A broad set of learning strategies and activities was used. For example, playful activities including crosswords, puzzles and column-matching comprised part of Module 2 activities. Some interactive activities as a peer evaluation instrument, used in the proposal intervention construction and the 360° evaluation when discussing professional competencies also proved to be very useful in supporting the learning process.

Table 2 and Table 3 summarize the description of course’s didactic materials and academic administrative documents for both pilot version (2010) and second version (2012). These materials served as guides to the implementation and management of the course.

Table 2. Description of virtual course on Primary Health Care-based pharmaceutical services for managers' didactic materials pilot version (2010) and second version (2012)

Table 3. Description of administrative documents virtual course on Primary Health Care-based pharmaceutical services for managers pilot version (2010) and second version (2012)

The weight of each module in the evaluation of student performance was based on the analysis of the relative importance of each topic regarding the overall objective of the course. It was decided by the professors who elaborated the modules. Each module has an evaluation guide called Correction Guide for the tutors to analyze the learners’ performance. All tutors and coordinators took the tutoring course offered by VCPH. In addition to the prior teaching experience of the tutors, they were trained with specific course material with the aim of testing, predicting and clarifying any questions that could arise during the implementation of the course.

A comprehensive evaluation process was applied during the course, comprising formative (in progress) and summative (final) approaches [8]. Learners were evaluated according to their competencies achievements through a set of activities targeting actual and contextualized problems and they were asked to self-evaluate. Also, tutors and learners were asked to fill a questionnaire evaluating the course. It is important to highlight that all these materials are under open access and all the teachers authorized their distribution and utilization after each version of the course was finished. The materials can be downloaded in the VCPH [9].
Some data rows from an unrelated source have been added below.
(* Let $L>0$, $0<\varepsilon<1$, $K$ an interval of $\mathbb{R}$ and $\mu$ a probability measure on $\mathbb{R}$. Assume that for some $\eta>0$ and all $E\in K$, either $\Im g_\mu(E+i\eta)\le L$ or $\mu([E-\frac\eta2,E+\frac\eta2])\le L\eta$. Then there exists a universal constant $c$ such that for any interval $I\subset K$ of length at least $\eta$ with $\mathrm{dist}(I,K^c)\ge\varepsilon$, $$\Big|\mu(I)-\frac1\pi\int_I\Im g_\mu(E+i\eta)\,dE\Big|\le c(L\vee\varepsilon^{-1})\,\eta\log\Big(1+\frac{|I|}{\eta}\Big).$$
   Context: $g_\mu(z)=\int\frac{\mu(dx)}{x-z}$ is the Cauchy–Stieltjes transform of $\mu$, for $z$ with $\Im z>0$; $|I|$ is the length of $I$. *)

theory Defs
  imports "HOL-Probability.Probability"
begin

definition stieltjes :: "real measure \<Rightarrow> complex \<Rightarrow> complex" where
  "stieltjes M z = (LINT x|M. 1 / (complex_of_real x - z))"

end

theory Submission
  imports Defs
begin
For CVSERVFAPS-12, which received financial support from the Brazilian Ministry of Health, 90 spots were offered and 6 tutors were hired, in order to obtain a ratio of 15 learners per tutor. All tutors, including the experienced ones, were trained together on the specific course content in a one-week workshop held in Medellin, Colombia in February 2012, with the professors’ participation. During this workshop all the academic materials were fully reviewed.
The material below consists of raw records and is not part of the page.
lemma alg1_misclass_loss_le:
  fixes n L :: nat and \<rho> \<beta> c \<gamma> \<epsilon> :: real and \<omega> p q :: "nat \<Rightarrow> real" and z zt :: "nat \<Rightarrow> int"
    and A :: "nat \<Rightarrow> nat \<Rightarrow> nat \<Rightarrow> real"
  defines "pb \<equiv> \<Sum>l<L. \<omega> l * p l" and "qb \<equiv> \<Sum>l<L. \<omega> l * q l"
  assumes "0 \<le> c" "c < 1" "L \<ge> 1" "0 \<le> \<rho>" "\<rho> < 1/2" "\<beta> \<ge> 1"
    and pq: "\<forall>l<L. \<omega> l > 0 \<and> 0 < q l \<and> q l < p l \<and> p l < 1"
    and cond: "\<beta> > 1 \<longrightarrow> pb / (pb - qb) \<le> c * (2 * (1 - 2*\<rho>)\<^sup>2 / (\<beta> - 1/\<beta>)) + 2 * (\<rho> - \<rho>\<^sup>2)"
    and labels: "\<forall>i<n. z i = 1 \<or> z i = -1"
    and card_pos: "real n / (2*\<beta>) \<le> real (card {i. i < n \<and> z i = 1})"
    and card_neg: "real n / (2*\<beta>) \<le> real (card {i. i < n \<and> z i = -1})"
    and adj: "\<forall>l<L. adjacency n (A l)"
    and "\<epsilon> > 0" and alg: "alg1_output n L A \<omega> p \<gamma> \<epsilon> zt"
  shows "misclass_loss n zt z \<le>
       10000 * ((2 + \<epsilon>) / (real n ^ 2 * (1 - 2*\<rho>) ^ 4)) *
       ((spec_norm n (\<lambda>i j. trim n L \<omega> p \<gamma> (Abar L \<omega> A) i j - expected_Abar L \<omega> p q \<rho> z i j)
          + (pb - 2 * \<rho> * (1 - \<rho>) * (pb - qb)))\<^sup>2 / (pb - qb)\<^sup>2)"
proof (cases "n = 0")
  case True
  then show ?thesis by (simp add: misclass_loss_def)
next
  case False
  define \<kappa> where "\<kappa> = 2 * \<rho> * (1 - \<rho>)"
  define \<eta> where "\<eta> = spec_norm n (\<lambda>i j. trim n L \<omega> p \<gamma> (Abar L \<omega> A) i j
    - expected_Abar L \<omega> p q \<rho> z i j) + (pb - \<kappa> * (pb - qb))"
  have "0 < qb" "qb < pb"
    using sum_pos[of "{..<L}" "\<lambda>l. \<omega> l * q l"] sum_strict_mono[of "{..<L}" "\<lambda>l. \<omega> l * q l"]
      pq \<open>L \<ge> 1\<close> unfolding pb_def qb_def by (auto simp: lessThan_empty_iff)
  then have "\<beta> \<le> 3"
    using balance_le_3[OF \<open>0 \<le> c\<close> \<open>c < 1\<close> \<open>0 \<le> \<rho>\<close> \<open>\<rho> < 1/2\<close> \<open>\<beta> \<ge> 1\<close> _ _ cond] by simp
  then have "real n / 6 \<le> real n / (2*\<beta>)" using \<open>\<beta> \<ge> 1\<close> by (intro divide_left_mono) auto
  then interpret perturbed_two_block n "trim n L \<omega> p \<gamma> (Abar L \<omega> A)" z "pb - \<kappa> * (pb - qb)"
      "qb + \<kappa> * (pb - qb)" \<eta>
    unfolding pb_def qb_def \<kappa>_def \<eta>_def
    using card_pos card_neg False \<open>L \<ge> 1\<close> \<open>0 \<le> \<rho>\<close> \<open>\<rho> < 1/2\<close> pq labels adj
    by (intro sbm_perturbed_two_block) auto
  have "misclass_loss n zt z \<le>
      10000 * (2 + \<epsilon>) * (\<eta> / ((pb - \<kappa> * (pb - qb) - (qb + \<kappa> * (pb - qb))) * real n))\<^sup>2"
    using alg \<open>\<epsilon> > 0\<close> unfolding alg1_output_iff_spectral_kmeans by (rule misclass_loss_le)
  also have "pb - \<kappa> * (pb - qb) - (qb + \<kappa> * (pb - qb)) = (1 - 2*\<rho>)\<^sup>2 * (pb - qb)"
    unfolding \<kappa>_def by (simp add: power2_eq_square algebra_simps)
  also have "10000 * (2 + \<epsilon>) * (\<eta> / ((1 - 2*\<rho>)\<^sup>2 * (pb - qb) * real n))\<^sup>2
      = 10000 * ((2 + \<epsilon>) / (real n ^ 2 * (1 - 2*\<rho>) ^ 4)) * (\<eta>\<^sup>2 / (pb - qb)\<^sup>2)"
    by (simp add: power_divide power_mult_distrib flip: power_mult)
  finally show ?thesis unfolding \<eta>_def \<kappa>_def by simp
qed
In advance, the tutors had received the Study Guide, the Correction Guide, the Operational Aspects Document, all the required and further reading and videos used as didactic complement. By studying this material in advance, they had the opportunity to raise doubts and clarify them during this period. Throughout this week, the contents were presented, various exercises were undertaken and comments and suggestions for the improvement of the material were collected.

Several management tools, besides the ones already utilized in the restructuring process, were implemented by the academic coordination, such as the use of OpenProject software to help managing and recording all the activities developed throughout the course and the implementation of a tutor performance feedback per module.
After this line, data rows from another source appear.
(* Let $G$ be an abelian group and $\mathbf{z}_0,\dots,\mathbf{z}_t\in G$, with $\mathbf{z}_0$ of finite order $s$. Suppose there are integers $r_0,\dots,r_t$ with $r_n\mathbf{z}_{n+1}=r_{n+1}\mathbf{z}_n$ and $\gcd(r_n,r_{n+1})=1$ for $0\le n\le t-1$. Then for each $1\le n\le t$, the order of $\mathbf{z}_n$ divides $\operatorname{lcm}\{s r_0, r_1,\dots,r_{n-1}\}$. *)

theory Defs
  imports "HOL-Algebra.Algebra"
begin

end

theory Submission
  imports Defs
begin

text \<open>Put \<open>L n = lcm {s r 0, r 1, ..., r (n - 1)}\<close>. The relation
  \<open>z (n+1) ^ r n = z n ^ r (n+1)\<close> gives \<open>ord (z (n+1)) | r n * ord (z n)\<close>, so it suffices
  to show \<open>r n * ord (z n) | L (n+1)\<close> by induction on \<open>n\<close>. For the step write
  \<open>L (n+2) = r (n+1) * m\<close>; a Bezout identity \<open>u r n + v r (n+1) = 1\<close> splits \<open>z (n+1) ^ m\<close>
  into \<open>z n ^ (u L (n+2))\<close> and \<open>z (n+1) ^ (v L (n+2))\<close>, both trivial by the induction
  hypothesis.\<close>

lemma (in group) ord_dvd_mult_ord_of_int_pow_eq:
  assumes "x \<in> carrier G" "y \<in> carrier G" "x [^] (a::int) = y [^] (b::int)"
  shows "int (ord x) dvd a * int (ord y)"
proof -
  have "x [^] (a * int (ord y)) = (y [^] b) [^] int (ord y)"
    by (metis assms(1,3) int_pow_pow)
  also have "\<dots> = (y [^] int (ord y)) [^] b"
    using assms(2) by (simp add: int_pow_pow mult.commute)
  also have "\<dots> = \<one>"
    using assms(2) by (simp add: int_pow_int pow_ord_eq_1)
  finally show ?thesis
    using assms(1) int_pow_eq_id by blast
qed

lemma (in group) mult_ord_dvd_of_coprime_int_pow_eq:
  assumes "x \<in> carrier G" "y \<in> carrier G" "x [^] (a::int) = y [^] (b::int)" "coprime a b"
    and "int (ord x) dvd L" "int (ord y) dvd L" "b dvd L"
  shows "b * int (ord x) dvd L"
proof -
  obtain m where L: "L = b * m"
    using assms(7) by blast
  obtain u v where uv: "u * a + v * b = 1"
    using assms(4) bezout_int[of a b] by (auto simp: coprime_iff_gcd_eq_1)
  have "m = m * (u * a + v * b)"
    by (simp add: uv)
  also have "\<dots> = a * (u * m) + v * L"
    by (simp add: L algebra_simps)
  finally have "x [^] m = (x [^] a) [^] (u * m) \<otimes> x [^] (v * L)"
    using assms(1) by (metis int_pow_mult int_pow_pow)
  also have "(x [^] a) [^] (u * m) = y [^] (u * L)"
    using assms(2,3) by (simp add: int_pow_pow L ac_simps)
  also have "y [^] (u * L) = \<one>"
    using assms(2,6) by (simp add: int_pow_eq_id)
  also have "x [^] (v * L) = \<one>"
    using assms(1,5) by (simp add: int_pow_eq_id)
  finally have "int (ord x) dvd m"
    using assms(1) int_pow_eq_id by simp
  then show ?thesis
    by (simp add: L)
qed

theorem lemma3p3:
  fixes G :: "('a, 'b) monoid_scheme" and z :: "nat \<Rightarrow> 'a" and r :: "nat \<Rightarrow> int"
    and t s :: nat
  assumes "comm_group G"
    and "\<And>n. n \<le> t \<Longrightarrow> z n \<in> carrier G"
    and "group.ord G (z 0) = s" and "s \<noteq> 0"
    and "\<And>n. n < t \<Longrightarrow> z (Suc n) [^]\<^bsub>G\<^esub> (r n) = z n [^]\<^bsub>G\<^esub> (r (Suc n))"
    and "\<And>n. n < t \<Longrightarrow> gcd (r n) (r (Suc n)) = 1"
  shows "\<And>n. 1 \<le> n \<Longrightarrow> n \<le> t \<Longrightarrow>
           int (group.ord G (z n)) dvd Lcm (insert (int s * r 0) (r ` {1..<n}))"
proof -
  interpret comm_group G by fact
  define L where "L n = Lcm (insert (int s * r 0) (r ` {1..<n}))" for n
  have L_Suc: "L (Suc n) = lcm (L n) (r n)" if "1 \<le> n" for n
  proof -
    have "{1..<Suc n} = insert n {1..<n}"
      using that by auto
    then show ?thesis
      by (simp add: L_def insert_commute lcm.commute)
  qed
  have ord_step: "int (ord (z (Suc n))) dvd r n * int (ord (z n))" if "n < t" for n
    using that assms(2,5) by (simp add: ord_dvd_mult_ord_of_int_pow_eq)
  have invariant: "r n * int (ord (z n)) dvd L (Suc n)" if "n < t" for n
    using that
  proof (induction n)
    case 0
    then show ?case
      by (simp add: L_def assms(3) mult.commute)
  next
    case (Suc n)
    have "r n * int (ord (z n)) dvd L (Suc (Suc n))"
      using Suc L_Suc[of "Suc n"] by (simp add: dvd_trans)
    then show ?case
      using Suc.prems assms(2,5,6) L_Suc[of "Suc n"] ord_step[of n]
      by (intro mult_ord_dvd_of_coprime_int_pow_eq[of "z (Suc n)" "z n" "r n"])
        (auto simp: coprime_iff_gcd_eq_1 intro: dvd_trans dvd_mult_right)
  qed
  fix n assume "1 \<le> n" "n \<le> t"
  then obtain k where "n = Suc k" "k < t"
    by (cases n) auto
  then show "int (ord (z n)) dvd Lcm (insert (int s * r 0) (r ` {1..<n}))"
    using ord_step[of k] invariant[of k] by (auto simp: L_def intro: dvd_trans)
qed

end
The routine activities were better systematized in relation to the pilot version and comprised: fortnightly meetings with the tutors and general coordination; follow-up of absent learners; evaluation of tutors’ performance; managing of opening and closing period of activities, module and evaluation; management of problems with the virtual environment and of the synchronous activities, as well as dealing with any unexpected issues that emerged throughout the course.

Another important task was to adapt and post all materials and activities onto the Moodle platform which involved splitting the study guides into different documents (for example, schedule, teaching strategies and tools, description of activities) in order to supply them to the student in a friendly and intuitive way. The programme of the Moodle platform included a set of tasks involving creating image files, processing editable files into a non-editable format (PDF or HTML), building of reference and counter-reference links for internal and external files, learning activities inclusion and programming (for example, posting deadlines, space for loading documents, adaptation of complete references to files leaving only the required pages for the learners’ reading). The course’s interface was opened one month in advance giving the chance for tutors and professors to familiarize themselves with its navigation and to test all the links and files. This gave the academic coordination the opportunity for early problem detection and problem fixing before the beginning of the course.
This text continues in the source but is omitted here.